Content starts
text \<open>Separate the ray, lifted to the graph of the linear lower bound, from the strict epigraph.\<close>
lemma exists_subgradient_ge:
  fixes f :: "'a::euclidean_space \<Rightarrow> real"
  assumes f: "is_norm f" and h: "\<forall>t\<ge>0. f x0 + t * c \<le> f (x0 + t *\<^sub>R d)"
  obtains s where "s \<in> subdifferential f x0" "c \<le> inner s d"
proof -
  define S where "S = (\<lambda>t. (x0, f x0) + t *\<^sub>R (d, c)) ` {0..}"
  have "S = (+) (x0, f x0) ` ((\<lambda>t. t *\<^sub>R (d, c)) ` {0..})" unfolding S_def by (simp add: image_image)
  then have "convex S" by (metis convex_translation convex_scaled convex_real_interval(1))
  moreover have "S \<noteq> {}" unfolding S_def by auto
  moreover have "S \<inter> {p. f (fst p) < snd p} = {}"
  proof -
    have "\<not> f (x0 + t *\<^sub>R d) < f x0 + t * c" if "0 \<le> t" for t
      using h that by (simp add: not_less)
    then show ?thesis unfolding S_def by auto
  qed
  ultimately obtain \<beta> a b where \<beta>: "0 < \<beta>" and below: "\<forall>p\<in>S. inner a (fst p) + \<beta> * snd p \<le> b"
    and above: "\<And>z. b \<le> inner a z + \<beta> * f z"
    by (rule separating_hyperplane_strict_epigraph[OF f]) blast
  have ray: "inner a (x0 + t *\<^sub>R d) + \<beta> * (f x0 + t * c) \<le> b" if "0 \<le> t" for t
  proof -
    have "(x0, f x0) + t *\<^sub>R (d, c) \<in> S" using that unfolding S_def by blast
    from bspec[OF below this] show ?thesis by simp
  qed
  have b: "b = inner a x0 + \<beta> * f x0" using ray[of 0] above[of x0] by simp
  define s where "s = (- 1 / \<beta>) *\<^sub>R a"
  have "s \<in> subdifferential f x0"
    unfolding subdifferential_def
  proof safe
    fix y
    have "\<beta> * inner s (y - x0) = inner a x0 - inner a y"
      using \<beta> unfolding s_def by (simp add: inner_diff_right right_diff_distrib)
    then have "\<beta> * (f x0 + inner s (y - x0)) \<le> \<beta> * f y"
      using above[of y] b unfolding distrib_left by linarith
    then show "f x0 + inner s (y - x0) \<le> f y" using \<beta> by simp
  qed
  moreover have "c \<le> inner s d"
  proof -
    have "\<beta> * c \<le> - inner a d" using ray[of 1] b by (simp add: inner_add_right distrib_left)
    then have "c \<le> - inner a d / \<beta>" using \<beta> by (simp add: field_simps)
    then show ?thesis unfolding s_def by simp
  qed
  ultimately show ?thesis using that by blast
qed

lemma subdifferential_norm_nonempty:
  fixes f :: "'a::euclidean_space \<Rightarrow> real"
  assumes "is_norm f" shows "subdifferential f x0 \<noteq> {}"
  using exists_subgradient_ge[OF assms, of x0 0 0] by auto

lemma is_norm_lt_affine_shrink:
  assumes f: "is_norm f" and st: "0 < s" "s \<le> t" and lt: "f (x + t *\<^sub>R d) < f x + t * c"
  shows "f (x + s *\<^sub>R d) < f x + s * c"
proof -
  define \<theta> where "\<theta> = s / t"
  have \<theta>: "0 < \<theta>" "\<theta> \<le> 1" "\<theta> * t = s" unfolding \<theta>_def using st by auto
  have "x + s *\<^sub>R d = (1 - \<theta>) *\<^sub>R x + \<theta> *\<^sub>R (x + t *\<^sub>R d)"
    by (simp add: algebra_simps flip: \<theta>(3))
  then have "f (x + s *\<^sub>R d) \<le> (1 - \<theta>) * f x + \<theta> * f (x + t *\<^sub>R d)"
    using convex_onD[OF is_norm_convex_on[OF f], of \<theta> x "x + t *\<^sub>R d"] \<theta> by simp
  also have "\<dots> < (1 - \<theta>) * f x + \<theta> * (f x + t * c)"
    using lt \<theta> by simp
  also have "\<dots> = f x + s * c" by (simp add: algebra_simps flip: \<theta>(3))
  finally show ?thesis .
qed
Content ends
Content starts
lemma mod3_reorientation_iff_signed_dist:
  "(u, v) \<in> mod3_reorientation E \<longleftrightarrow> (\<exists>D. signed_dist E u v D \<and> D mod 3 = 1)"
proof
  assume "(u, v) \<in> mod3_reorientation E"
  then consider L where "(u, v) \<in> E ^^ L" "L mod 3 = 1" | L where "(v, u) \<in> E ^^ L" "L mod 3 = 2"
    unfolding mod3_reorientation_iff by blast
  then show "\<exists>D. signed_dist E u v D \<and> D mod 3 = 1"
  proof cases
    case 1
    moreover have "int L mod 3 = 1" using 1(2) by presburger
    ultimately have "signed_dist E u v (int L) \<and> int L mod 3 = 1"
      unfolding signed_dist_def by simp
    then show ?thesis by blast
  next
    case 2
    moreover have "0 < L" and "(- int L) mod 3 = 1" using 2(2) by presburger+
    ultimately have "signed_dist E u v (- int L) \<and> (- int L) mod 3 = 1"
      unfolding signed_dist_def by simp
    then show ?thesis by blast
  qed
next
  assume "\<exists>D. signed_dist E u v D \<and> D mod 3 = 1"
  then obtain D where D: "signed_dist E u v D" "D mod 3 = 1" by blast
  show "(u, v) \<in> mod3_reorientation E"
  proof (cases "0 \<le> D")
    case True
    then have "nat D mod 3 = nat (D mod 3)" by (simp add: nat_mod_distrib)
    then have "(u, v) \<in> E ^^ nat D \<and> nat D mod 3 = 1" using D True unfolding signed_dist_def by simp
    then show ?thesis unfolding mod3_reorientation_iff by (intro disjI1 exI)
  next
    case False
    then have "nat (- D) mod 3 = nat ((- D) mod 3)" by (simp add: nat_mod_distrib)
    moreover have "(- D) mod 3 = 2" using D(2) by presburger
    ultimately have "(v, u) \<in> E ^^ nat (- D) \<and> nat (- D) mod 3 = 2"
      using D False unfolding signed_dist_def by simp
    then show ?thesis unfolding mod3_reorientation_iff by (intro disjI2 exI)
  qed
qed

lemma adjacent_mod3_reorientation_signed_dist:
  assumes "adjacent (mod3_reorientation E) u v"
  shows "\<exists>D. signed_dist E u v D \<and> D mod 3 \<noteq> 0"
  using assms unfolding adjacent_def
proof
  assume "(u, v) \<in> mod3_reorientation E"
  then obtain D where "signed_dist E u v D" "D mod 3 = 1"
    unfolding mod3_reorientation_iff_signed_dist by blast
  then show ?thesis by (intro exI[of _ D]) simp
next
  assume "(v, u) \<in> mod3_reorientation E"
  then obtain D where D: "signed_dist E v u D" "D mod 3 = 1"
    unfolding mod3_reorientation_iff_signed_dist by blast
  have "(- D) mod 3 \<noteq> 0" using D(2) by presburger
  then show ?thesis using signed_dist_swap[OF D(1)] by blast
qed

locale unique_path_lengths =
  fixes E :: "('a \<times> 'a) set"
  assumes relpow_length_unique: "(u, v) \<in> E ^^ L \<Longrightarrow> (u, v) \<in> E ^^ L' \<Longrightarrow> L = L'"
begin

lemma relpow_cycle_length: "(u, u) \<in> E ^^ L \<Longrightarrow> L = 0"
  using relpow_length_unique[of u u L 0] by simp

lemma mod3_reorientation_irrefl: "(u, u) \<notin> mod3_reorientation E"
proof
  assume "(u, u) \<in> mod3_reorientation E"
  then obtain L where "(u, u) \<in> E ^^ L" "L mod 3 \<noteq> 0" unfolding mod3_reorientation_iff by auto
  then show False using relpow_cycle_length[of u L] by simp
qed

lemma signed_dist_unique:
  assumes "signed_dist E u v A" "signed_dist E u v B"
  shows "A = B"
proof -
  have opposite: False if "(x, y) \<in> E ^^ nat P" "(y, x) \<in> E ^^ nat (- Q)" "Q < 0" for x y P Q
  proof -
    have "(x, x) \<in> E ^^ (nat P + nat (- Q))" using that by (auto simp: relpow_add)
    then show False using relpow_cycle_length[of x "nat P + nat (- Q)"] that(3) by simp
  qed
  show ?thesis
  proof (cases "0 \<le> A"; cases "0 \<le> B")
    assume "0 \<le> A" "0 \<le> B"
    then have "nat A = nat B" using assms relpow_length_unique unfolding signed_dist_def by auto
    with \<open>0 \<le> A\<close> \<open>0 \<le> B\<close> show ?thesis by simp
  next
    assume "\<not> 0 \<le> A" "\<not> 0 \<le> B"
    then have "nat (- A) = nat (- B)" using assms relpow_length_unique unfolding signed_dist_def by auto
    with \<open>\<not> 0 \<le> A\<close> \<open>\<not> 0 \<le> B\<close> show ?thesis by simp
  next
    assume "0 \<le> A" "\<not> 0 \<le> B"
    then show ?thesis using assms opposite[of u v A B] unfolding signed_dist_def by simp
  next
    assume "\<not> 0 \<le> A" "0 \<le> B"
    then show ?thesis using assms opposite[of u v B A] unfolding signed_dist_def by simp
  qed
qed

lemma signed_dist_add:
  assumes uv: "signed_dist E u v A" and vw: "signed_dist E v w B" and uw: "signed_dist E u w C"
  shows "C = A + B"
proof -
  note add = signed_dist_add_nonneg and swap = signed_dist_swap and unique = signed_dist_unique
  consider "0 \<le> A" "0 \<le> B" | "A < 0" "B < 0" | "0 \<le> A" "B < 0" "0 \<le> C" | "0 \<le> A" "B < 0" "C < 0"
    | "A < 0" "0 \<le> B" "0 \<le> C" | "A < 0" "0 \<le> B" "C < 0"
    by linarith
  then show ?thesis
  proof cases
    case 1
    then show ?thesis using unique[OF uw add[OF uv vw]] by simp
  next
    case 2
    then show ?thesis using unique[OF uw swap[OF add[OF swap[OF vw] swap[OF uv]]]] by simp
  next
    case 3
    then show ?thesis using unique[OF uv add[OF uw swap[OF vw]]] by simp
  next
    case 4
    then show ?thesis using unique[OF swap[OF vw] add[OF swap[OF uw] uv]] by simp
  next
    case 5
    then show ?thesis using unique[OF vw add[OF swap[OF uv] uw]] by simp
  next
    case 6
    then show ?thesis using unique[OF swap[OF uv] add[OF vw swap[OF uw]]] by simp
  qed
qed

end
Content ends
Content starts
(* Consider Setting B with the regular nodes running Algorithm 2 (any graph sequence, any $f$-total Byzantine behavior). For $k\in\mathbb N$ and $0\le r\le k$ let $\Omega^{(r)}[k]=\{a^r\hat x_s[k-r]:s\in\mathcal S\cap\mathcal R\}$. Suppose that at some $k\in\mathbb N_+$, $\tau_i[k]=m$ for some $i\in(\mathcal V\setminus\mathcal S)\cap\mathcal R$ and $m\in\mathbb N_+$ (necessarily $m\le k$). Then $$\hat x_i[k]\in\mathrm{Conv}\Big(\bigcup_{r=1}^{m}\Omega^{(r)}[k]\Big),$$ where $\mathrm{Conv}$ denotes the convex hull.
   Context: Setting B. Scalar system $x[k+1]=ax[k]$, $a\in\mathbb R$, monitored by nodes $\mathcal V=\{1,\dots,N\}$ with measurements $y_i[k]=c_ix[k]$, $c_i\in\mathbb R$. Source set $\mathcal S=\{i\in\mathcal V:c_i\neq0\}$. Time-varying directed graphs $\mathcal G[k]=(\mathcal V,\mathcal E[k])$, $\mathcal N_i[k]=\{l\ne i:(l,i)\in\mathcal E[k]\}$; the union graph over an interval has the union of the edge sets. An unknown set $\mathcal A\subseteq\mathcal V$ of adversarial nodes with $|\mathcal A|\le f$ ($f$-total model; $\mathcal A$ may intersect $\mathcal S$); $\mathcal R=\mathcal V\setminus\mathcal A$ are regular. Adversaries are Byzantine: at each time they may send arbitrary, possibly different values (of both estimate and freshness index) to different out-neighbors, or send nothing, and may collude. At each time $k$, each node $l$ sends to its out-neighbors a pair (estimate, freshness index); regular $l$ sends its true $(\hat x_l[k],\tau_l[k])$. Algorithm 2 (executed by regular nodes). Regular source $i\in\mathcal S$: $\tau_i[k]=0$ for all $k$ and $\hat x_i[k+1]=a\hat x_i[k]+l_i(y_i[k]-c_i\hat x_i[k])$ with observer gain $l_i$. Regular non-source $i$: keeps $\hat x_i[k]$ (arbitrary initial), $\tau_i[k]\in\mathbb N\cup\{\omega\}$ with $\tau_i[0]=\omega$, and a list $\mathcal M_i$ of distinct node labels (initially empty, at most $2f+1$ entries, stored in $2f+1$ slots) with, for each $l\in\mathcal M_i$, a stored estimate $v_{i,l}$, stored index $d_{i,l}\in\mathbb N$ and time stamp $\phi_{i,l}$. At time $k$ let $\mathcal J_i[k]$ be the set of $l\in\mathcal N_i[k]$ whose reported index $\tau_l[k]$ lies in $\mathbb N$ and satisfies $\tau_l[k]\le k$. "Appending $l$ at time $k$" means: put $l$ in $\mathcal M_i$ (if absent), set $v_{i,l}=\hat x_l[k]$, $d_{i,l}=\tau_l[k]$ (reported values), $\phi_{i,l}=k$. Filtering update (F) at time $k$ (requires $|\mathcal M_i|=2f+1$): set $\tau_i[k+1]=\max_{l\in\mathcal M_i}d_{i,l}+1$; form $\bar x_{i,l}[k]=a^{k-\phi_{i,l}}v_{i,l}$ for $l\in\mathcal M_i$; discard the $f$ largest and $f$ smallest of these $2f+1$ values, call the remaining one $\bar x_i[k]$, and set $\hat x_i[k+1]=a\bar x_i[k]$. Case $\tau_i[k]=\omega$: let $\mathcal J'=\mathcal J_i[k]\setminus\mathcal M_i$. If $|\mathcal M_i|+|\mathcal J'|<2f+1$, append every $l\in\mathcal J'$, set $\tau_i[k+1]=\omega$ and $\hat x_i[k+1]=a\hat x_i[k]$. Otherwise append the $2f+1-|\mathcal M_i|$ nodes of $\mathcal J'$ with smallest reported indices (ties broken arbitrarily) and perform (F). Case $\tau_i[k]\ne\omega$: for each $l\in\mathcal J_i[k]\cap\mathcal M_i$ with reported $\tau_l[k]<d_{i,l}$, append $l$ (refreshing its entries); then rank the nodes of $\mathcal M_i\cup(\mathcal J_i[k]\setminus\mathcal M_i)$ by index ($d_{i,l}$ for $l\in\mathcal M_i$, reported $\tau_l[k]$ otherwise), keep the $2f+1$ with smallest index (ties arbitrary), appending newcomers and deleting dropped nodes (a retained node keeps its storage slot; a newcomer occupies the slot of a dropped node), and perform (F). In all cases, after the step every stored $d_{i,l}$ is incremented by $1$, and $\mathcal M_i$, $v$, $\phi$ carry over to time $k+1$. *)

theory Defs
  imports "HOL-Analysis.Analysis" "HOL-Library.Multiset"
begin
Content ends
What to do: Using the entries above, output exactly the lines between the line holding "text \<open>Separate the" and the line holding "(simp add: image_image)", end lines included, and nothing more.

Answer section:
text \<open>Separate the ray, lifted to the graph of the linear lower bound, from the strict epigraph.\<close>
lemma exists_subgradient_ge:
  fixes f :: "'a::euclidean_space \<Rightarrow> real"
  assumes f: "is_norm f" and h: "\<forall>t\<ge>0. f x0 + t * c \<le> f (x0 + t *\<^sub>R d)"
  obtains s where "s \<in> subdifferential f x0" "c \<le> inner s d"
proof -
  define S where "S = (\<lambda>t. (x0, f x0) + t *\<^sub>R (d, c)) ` {0..}"
  have "S = (+) (x0, f x0) ` ((\<lambda>t. t *\<^sub>R (d, c)) ` {0..})" unfolding S_def by (simp add: image_image)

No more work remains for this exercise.